__Exercise instructions__.
When you reach the line containing "unfolding \<xi>'_def using w_range" in the records below, start copying exactly, and stop once you have copied the line containing "using increment_le_if_derivative_le[OF \<open>tb".

-- Data in this exercise follows --

(* In the standing setup with a single fluid, and with $t_{\mathrm b},\xi_{\mathrm b},\xi_0,t_0$ as in the time-interval setup, let $$b:=\max_{t\in[t_{\mathrm b},t_0]}\frac{\sqrt2\,|y_{\mathrm i}(t)|\,h(t)}{l}$$ and assume $b>0$. Then $$\Delta t_{\mathrm b0}\ \ge\ \frac{1}{2\sqrt{2\xi_0}}\,\frac{1}{b\,c\,l}\,(\xi_0-\xi_{\mathrm b}).$$
   Context: Standing setup. Fix real constants $c>0$ and $l>0$, a nonempty finite index set $A$, and constants $w_\alpha\in[-1,1]$ for $\alpha\in A$. Let $I\subseteq\mathbb{R}$ be an interval and let $x,y_{\mathrm r},y_{\mathrm i},h,z_\alpha$ ($\alpha\in A$) be real $C^1$ functions of $t\in I$ with $h>0$ and $z_\alpha\ge 0$. Define $\xi(t)=x(t)^2+\sum_{\beta\in A}\frac{1+w_\beta}{2}z_\beta(t)^2$. Assume that on $I$: $\dot x=\big[-x+4c\,y_{\mathrm r}y_{\mathrm i}+x\,\xi\big]h$, $\dot y_{\mathrm r}=\big[\xi\,y_{\mathrm r}-c\,x\,y_{\mathrm i}\big]h$, $\dot y_{\mathrm i}=\big[\xi\,y_{\mathrm i}+c\,x\,y_{\mathrm r}\big]h$, $\dot z_\alpha=\big[-\tfrac{1+w_\alpha}{2}+\xi\big]z_\alpha h$, $\dot h=-\xi h^2$, together with the constraints $x^2+4y_{\mathrm r}^2+\sum_{\beta\in A}z_\beta^2=1$ and $y_{\mathrm r}^2+y_{\mathrm i}^2=\frac{l^2}{2h^2}$. Single fluid: $A$ has exactly one element; write $z$ and $w$ for $z_\alpha$ and $w_\alpha$. Time-interval setup: let $t_{\mathrm b}\in I$, $\xi_{\mathrm b}:=\xi(t_{\mathrm b})$, and let $\xi_0$ be a real number with $\xi_0>0$ and $\xi_{\mathrm b}\le\xi_0\le\frac{1+w}{2}$. Assume the set $\{t\in I:\ t\ge t_{\mathrm b},\ \xi(t)=\xi_0\}$ is nonempty and let $t_0$ be its minimum (so $\xi(t)\le\xi_0$ for all $t\in[t_{\mathrm b},t_0]$); put $\Delta t_{\mathrm b0}=t_0-t_{\mathrm b}$. (Physically, $\sqrt2\,|y_{\mathrm i}|h/l=|\cos(\phi/2f)|$, so $b$ measures the maximal displacement of the axion from the hilltop.) *)

theory Defs
  imports "HOL-Analysis.Analysis"
begin

definition xi_sf :: "real \<Rightarrow> (real \<Rightarrow> real) \<Rightarrow> (real \<Rightarrow> real) \<Rightarrow> real \<Rightarrow> real" where
  "xi_sf w x z t = (x t)\<^sup>2 + (1 + w) / 2 * (z t)\<^sup>2"

end

theory Submission
  imports Defs
begin

text \<open>Along the flow \<open>\<xi>' = 2h(\<xi>\<^sup>2 - x\<^sup>2 - k\<^sup>2z\<^sup>2) + 8chx y\<^sub>r y\<^sub>i\<close> with
  \<open>k = (1+w)/2\<close>. Up to the first time \<open>t\<^sub>0\<close> at which \<open>\<xi>\<close> reaches \<open>\<xi>\<^sub>0\<close> we have
  \<open>\<xi> \<le> \<xi>\<^sub>0 \<le> k \<le> 1\<close>, so the first term is non-positive, and the constraints give
  \<open>|x| \<le> \<surd>\<xi>\<^sub>0\<close>, \<open>|y\<^sub>r| \<le> 1/2\<close> and \<open>|y\<^sub>i|h \<le> bl/\<surd>2\<close>. Hence
  \<open>\<xi>' \<le> 2\<surd>(2\<xi>\<^sub>0) bcl\<close> on \<open>[t\<^sub>b, t\<^sub>0]\<close>, and the mean value theorem turns this rate bound
  into a lower bound on the time \<open>\<xi>\<close> needs to climb from \<open>\<xi>\<^sub>b\<close> to \<open>\<xi>\<^sub>0\<close>.\<close>

lemma xi_rate_eq:
  fixes x yr yi h z c k \<xi> :: real
  assumes "\<xi> = x\<^sup>2 + k * z\<^sup>2"
  shows "2 * x * ((- x + 4 * c * yr * yi + x * \<xi>) * h) + k * (2 * z * ((- k + \<xi>) * z * h))
    = 2 * h * (\<xi>\<^sup>2 - x\<^sup>2 - k\<^sup>2 * z\<^sup>2) + 8 * c * h * x * yr * yi"
proof -
  have "\<xi>\<^sup>2 = \<xi> * (x\<^sup>2 + k * z\<^sup>2)" using assms by (simp add: power2_eq_square)
  then show ?thesis by (simp add: power2_eq_square algebra_simps)
qed

lemma xi_sf_has_real_derivative:
  assumes dx: "(x has_real_derivative
        ((- x t + 4 * c * yr t * yi t + x t * xi_sf w x z t) * h t)) (at t within S)"
    and dz: "(z has_real_derivative
        ((- (1 + w) / 2 + xi_sf w x z t) * z t * h t)) (at t within S)"
  shows "(xi_sf w x z has_real_derivative
      2 * h t * ((xi_sf w x z t)\<^sup>2 - (x t)\<^sup>2 - ((1 + w) / 2)\<^sup>2 * (z t)\<^sup>2)
        + 8 * c * h t * x t * yr t * yi t) (at t within S)"
proof -
  let ?k = "(1 + w) / 2"
  have dz': "(z has_real_derivative ((- ?k + xi_sf w x z t) * z t * h t)) (at t within S)"
    using dz by (simp only: minus_divide_left)
  have "((\<lambda>t. (x t)\<^sup>2 + ?k * (z t)\<^sup>2) has_real_derivative
      2 * x t * ((- x t + 4 * c * yr t * yi t + x t * xi_sf w x z t) * h t)
      + ?k * (2 * z t * ((- ?k + xi_sf w x z t) * z t * h t))) (at t within S)"
    using dx dz' by (auto intro!: derivative_eq_intros)
  moreover have "xi_sf w x z = (\<lambda>t. (x t)\<^sup>2 + ?k * (z t)\<^sup>2)"
    by (simp add: xi_sf_def fun_eq_iff)
  ultimately show ?thesis
    using xi_rate_eq[of "xi_sf w x z t" "x t" ?k "z t"] by (simp add: xi_sf_def)
qed

lemma square_le_weighted_sum:
  fixes s u v k :: real
  assumes s: "s = u + k * v" and "0 \<le> u" "0 \<le> v" "0 \<le> k" "s \<le> 1" "s \<le> k"
  shows "s\<^sup>2 \<le> u + k\<^sup>2 * v"
proof -
  have "s\<^sup>2 = s * u + s * (k * v)" by (simp add: s power2_eq_square algebra_simps)
  also have "\<dots> \<le> 1 * u + k * (k * v)"
    using assms by (intro add_mono mult_right_mono) auto
  finally show ?thesis by (simp add: power2_eq_square)
qed

lemma abs_le_half_if_sum_squares_eq_1:
  fixes x y z :: real
  assumes "x\<^sup>2 + 4 * y\<^sup>2 + z\<^sup>2 = 1"
  shows "\<bar>y\<bar> \<le> 1 / 2"
proof -
  have "4 * y\<^sup>2 \<le> 1" using assms zero_le_power2[of x] zero_le_power2[of z] by linarith
  then have "(2 * y)\<^sup>2 \<le> 1\<^sup>2" by (simp add: power_mult_distrib)
  then show ?thesis using abs_le_square_iff[of "2 * y" 1] by simp
qed

lemma scaled_abs_le_1_if_sum_squares_eq:
  fixes y\<^sub>1 y\<^sub>2 h l :: real
  assumes "h > 0" "l > 0" "y\<^sub>1\<^sup>2 + y\<^sub>2\<^sup>2 = l\<^sup>2 / (2 * h\<^sup>2)"
  shows "sqrt 2 * \<bar>y\<^sub>2\<bar> * h / l \<le> 1"
proof -
  have "y\<^sub>2\<^sup>2 \<le> l\<^sup>2 / (2 * h\<^sup>2)" using assms(3) zero_le_power2[of y\<^sub>1] by linarith
  have "(sqrt 2 * \<bar>y\<^sub>2\<bar> * h)\<^sup>2 = y\<^sub>2\<^sup>2 * (2 * h\<^sup>2)" by (simp add: power_mult_distrib)
  also have "\<dots> \<le> l\<^sup>2"
    using \<open>y\<^sub>2\<^sup>2 \<le> l\<^sup>2 / (2 * h\<^sup>2)\<close> assms(1) by (simp add: pos_le_divide_eq[symmetric])
  finally have "sqrt 2 * \<bar>y\<^sub>2\<bar> * h \<le> l"
    by (rule power2_le_imp_le) (use assms(2) in simp)
  then show ?thesis using assms(2) by simp
qed

lemma xi_rate_le:
  fixes x yr yi h z c k l b \<xi> \<xi>\<^sub>0 :: real
  assumes "h > 0" "c > 0" "l > 0" "0 \<le> k"
    and \<xi>: "\<xi> = x\<^sup>2 + k * z\<^sup>2" and "\<xi> \<le> \<xi>\<^sub>0" "\<xi>\<^sub>0 \<le> k" "k \<le> 1"
    and constr: "x\<^sup>2 + 4 * yr\<^sup>2 + z\<^sup>2 = 1"
    and yi_bound: "sqrt 2 * \<bar>yi\<bar> * h / l \<le> b"
  shows "2 * h * (\<xi>\<^sup>2 - x\<^sup>2 - k\<^sup>2 * z\<^sup>2) + 8 * c * h * x * yr * yi \<le> 2 * sqrt (2 * \<xi>\<^sub>0) * b * c * l"
proof -
  have "x\<^sup>2 \<le> \<xi>" "\<xi> \<le> k" "\<xi> \<le> 1" using assms by auto
  then have "\<xi>\<^sup>2 \<le> x\<^sup>2 + k\<^sup>2 * z\<^sup>2"
    using \<xi> \<open>0 \<le> k\<close> by (intro square_le_weighted_sum) auto
  then have dissipation: "2 * h * (\<xi>\<^sup>2 - x\<^sup>2 - k\<^sup>2 * z\<^sup>2) \<le> 0"
    using \<open>h > 0\<close> by (simp add: mult_nonneg_nonpos)
  have x: "\<bar>x\<bar> \<le> sqrt \<xi>\<^sub>0"
    using \<open>x\<^sup>2 \<le> \<xi>\<close> \<open>\<xi> \<le> \<xi>\<^sub>0\<close> by (metis order_trans real_sqrt_abs real_sqrt_le_mono)
  have "0 \<le> \<xi>\<^sub>0" using \<open>x\<^sup>2 \<le> \<xi>\<close> \<open>\<xi> \<le> \<xi>\<^sub>0\<close> by (meson order_trans zero_le_power2)
  have yr: "\<bar>yr\<bar> \<le> 1 / 2" using constr by (rule abs_le_half_if_sum_squares_eq_1)
  have yi: "\<bar>yi\<bar> * h \<le> b * l / sqrt 2"
    using yi_bound \<open>l > 0\<close> by (simp add: pos_divide_le_eq pos_le_divide_eq mult.commute)
  have "8 * c * h * x * yr * yi \<le> 8 * c * (\<bar>x\<bar> * \<bar>yr\<bar> * (\<bar>yi\<bar> * h))"
    using \<open>c > 0\<close> \<open>h > 0\<close> abs_ge_self[of "x * (yr * yi)"] by (simp add: abs_mult mult.assoc)
  also have "\<dots> \<le> 8 * c * (sqrt \<xi>\<^sub>0 * (1 / 2) * (b * l / sqrt 2))"
    using \<open>c > 0\<close> \<open>h > 0\<close> \<open>0 \<le> \<xi>\<^sub>0\<close> x yr yi by (intro mult_left_mono mult_mono) auto
  also have "\<dots> = 2 * sqrt (2 * \<xi>\<^sub>0) * b * c * l"
    by (simp add: real_sqrt_mult field_simps)
  finally show ?thesis using dissipation by linarith
qed

lemma le_before_first_hit:
  fixes f :: "real \<Rightarrow> real"
  assumes "continuous_on {a..b} f" "f a \<le> v"
    and first: "\<And>s. s \<in> {a..b} \<Longrightarrow> f s = v \<Longrightarrow> b \<le> s"
    and t: "t \<in> {a..b}"
  shows "f t \<le> v"
proof (rule ccontr)
  assume "\<not> f t \<le> v"
  moreover have "continuous_on {a..t} f"
    using assms(1) by (rule continuous_on_subset) (use t in auto)
  ultimately obtain s where "a \<le> s" "s \<le> t" "f s = v"
    using IVT'[of f a v t] assms(2) t by auto
  with first t have "s = t" by fastforce
  with \<open>f s = v\<close> \<open>\<not> f t \<le> v\<close> show False by simp
qed

lemma increment_le_if_derivative_le:
  fixes f f' :: "real \<Rightarrow> real"
  assumes "a \<le> b"
    and "\<And>t. t \<in> {a..b} \<Longrightarrow> (f has_real_derivative f' t) (at t within {a..b})"
    and "\<And>t. t \<in> {a..b} \<Longrightarrow> f' t \<le> M"
  shows "f b - f a \<le> M * (b - a)"
proof -
  obtain t where "t \<in> {a..b}" "f b - f a = f' t * (b - a)"
    using mvt_very_simple[of a b f "\<lambda>t d. f' t * d"] assms(1,2)
    by (auto simp: has_field_derivative_def)
  then show ?thesis using assms(1) assms(3)[of t] by (simp add: mult_right_mono)
qed

theorem lemma3:
  fixes c l w :: real and I :: "real set"
    and x yr yi h z :: "real \<Rightarrow> real"
    and tb t0 xi0 b :: real
  assumes c_pos: "c > 0" and l_pos: "l > 0"
    and w_range: "-1 \<le> w" "w \<le> 1"
    and I_int: "is_interval I"
    and h_pos: "\<And>t. t \<in> I \<Longrightarrow> h t > 0"
    and z_nonneg: "\<And>t. t \<in> I \<Longrightarrow> z t \<ge> 0"
    and dx: "\<And>t. t \<in> I \<Longrightarrow> (x has_real_derivative
        ((- x t + 4 * c * yr t * yi t + x t * xi_sf w x z t) * h t)) (at t within I)"
    and dyr: "\<And>t. t \<in> I \<Longrightarrow> (yr has_real_derivative
        ((xi_sf w x z t * yr t - c * x t * yi t) * h t)) (at t within I)"
    and dyi: "\<And>t. t \<in> I \<Longrightarrow> (yi has_real_derivative
        ((xi_sf w x z t * yi t + c * x t * yr t) * h t)) (at t within I)"
    and dz: "\<And>t. t \<in> I \<Longrightarrow> (z has_real_derivative
        ((- (1 + w) / 2 + xi_sf w x z t) * z t * h t)) (at t within I)"
    and dh: "\<And>t. t \<in> I \<Longrightarrow> (h has_real_derivative
        (- xi_sf w x z t * (h t)\<^sup>2)) (at t within I)"
    and constr1: "\<And>t. t \<in> I \<Longrightarrow> (x t)\<^sup>2 + 4 * (yr t)\<^sup>2 + (z t)\<^sup>2 = 1"
    and constr2: "\<And>t. t \<in> I \<Longrightarrow> (yr t)\<^sup>2 + (yi t)\<^sup>2 = l\<^sup>2 / (2 * (h t)\<^sup>2)"
    and tb_in: "tb \<in> I"
    and xi0_pos: "xi0 > 0"
    and xi0_ge: "xi_sf w x z tb \<le> xi0"
    and xi0_le: "xi0 \<le> (1 + w) / 2"
    and t0_in: "t0 \<in> {t \<in> I. t \<ge> tb \<and> xi_sf w x z t = xi0}"
    and t0_min: "\<And>t. t \<in> {t \<in> I. t \<ge> tb \<and> xi_sf w x z t = xi0} \<Longrightarrow> t0 \<le> t"
    and b_def: "b = (SUP t\<in>{tb..t0}. sqrt 2 * \<bar>yi t\<bar> * h t / l)"
    and b_pos: "b > 0"
  shows "t0 - tb \<ge> 1 / (2 * sqrt (2 * xi0)) * (1 / (b * c * l)) * (xi0 - xi_sf w x z tb)"
proof -
  let ?\<xi> = "xi_sf w x z" and ?M = "2 * sqrt (2 * xi0) * b * c * l"
  define \<xi>' where "\<xi>' t = 2 * h t * ((?\<xi> t)\<^sup>2 - (x t)\<^sup>2 - ((1 + w) / 2)\<^sup>2 * (z t)\<^sup>2)
    + 8 * c * h t * x t * yr t * yi t" for t
  have "t0 \<in> I" "tb \<le> t0" "?\<xi> t0 = xi0" using t0_in by auto
  have tI: "t \<in> I" if "t \<in> {tb..t0}" for t
    using I_int tb_in \<open>t0 \<in> I\<close> that unfolding is_interval_1 by (meson atLeastAtMost_iff)
  have d\<xi>: "(?\<xi> has_real_derivative \<xi>' t) (at t within {tb..t0})" if "t \<in> {tb..t0}" for t
  proof -
    have "(?\<xi> has_real_derivative \<xi>' t) (at t within I)"
      unfolding \<xi>'_def using tI[OF that] by (intro xi_sf_has_real_derivative dx dz)
    then show ?thesis by (rule has_field_derivative_subset) (use tI in blast)
  qed
  then have "continuous_on {tb..t0} ?\<xi>"
    by (meson DERIV_continuous continuous_on_eq_continuous_within)
  moreover have "t0 \<le> s" if "s \<in> {tb..t0}" "?\<xi> s = xi0" for s
    using t0_min tI[OF that(1)] that by auto
  ultimately have \<xi>_le: "?\<xi> t \<le> xi0" if "t \<in> {tb..t0}" for t
    using xi0_ge that by (blast intro: le_before_first_hit)
  have "sqrt 2 * \<bar>yi t\<bar> * h t / l \<le> 1" if "t \<in> {tb..t0}" for t
    using h_pos[OF tI[OF that]] l_pos constr2[OF tI[OF that]] by (rule scaled_abs_le_1_if_sum_squares_eq)
  then have "bdd_above ((\<lambda>t. sqrt 2 * \<bar>yi t\<bar> * h t / l) ` {tb..t0})"
    by (rule bdd_aboveI2)
  then have yi_le: "sqrt 2 * \<bar>yi t\<bar> * h t / l \<le> b" if "t \<in> {tb..t0}" for t
    unfolding b_def by (rule cSUP_upper[OF that])
  have "\<xi>' t \<le> ?M" if "t \<in> {tb..t0}" for t
    unfolding \<xi>'_def using w_range
    by (intro xi_rate_le[OF h_pos[OF tI[OF that]] c_pos l_pos _ xi_sf_def[of w x z t] \<xi>_le[OF that]
          xi0_le _ constr1[OF tI[OF that]] yi_le[OF that]]) auto
  then have increment: "xi0 - ?\<xi> tb \<le> ?M * (t0 - tb)"
    using increment_le_if_derivative_le[OF \<open>tb \<le> t0\<close> d\<xi>] \<open>?\<xi> t0 = xi0\<close> by simp
  have "?M > 0" using xi0_pos b_pos c_pos l_pos by simp
  have "1 / (2 * sqrt (2 * xi0)) * (1 / (b * c * l)) * (xi0 - ?\<xi> tb) = (xi0 - ?\<xi> tb) / ?M"
    by (simp add: field_simps)
  also have "\<dots> \<le> t0 - tb"
    using increment pos_divide_le_eq[OF \<open>?M > 0\<close>] by (simp only: mult.commute)
  finally show ?thesis .
qed

end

-- Data in this exercise concluded --

__Exercise solution__.
    unfolding \<xi>'_def using w_range
    by (intro xi_rate_le[OF h_pos[OF tI[OF that]] c_pos l_pos _ xi_sf_def[of w x z t] \<xi>_le[OF that]
          xi0_le _ constr1[OF tI[OF that]] yi_le[OF that]]) auto
  then have increment: "xi0 - ?\<xi> tb \<le> ?M * (t0 - tb)"
    using increment_le_if_derivative_le[OF \<open>tb \<le> t0\<close> d\<xi>] \<open>?\<xi> t0 = xi0\<close> by simp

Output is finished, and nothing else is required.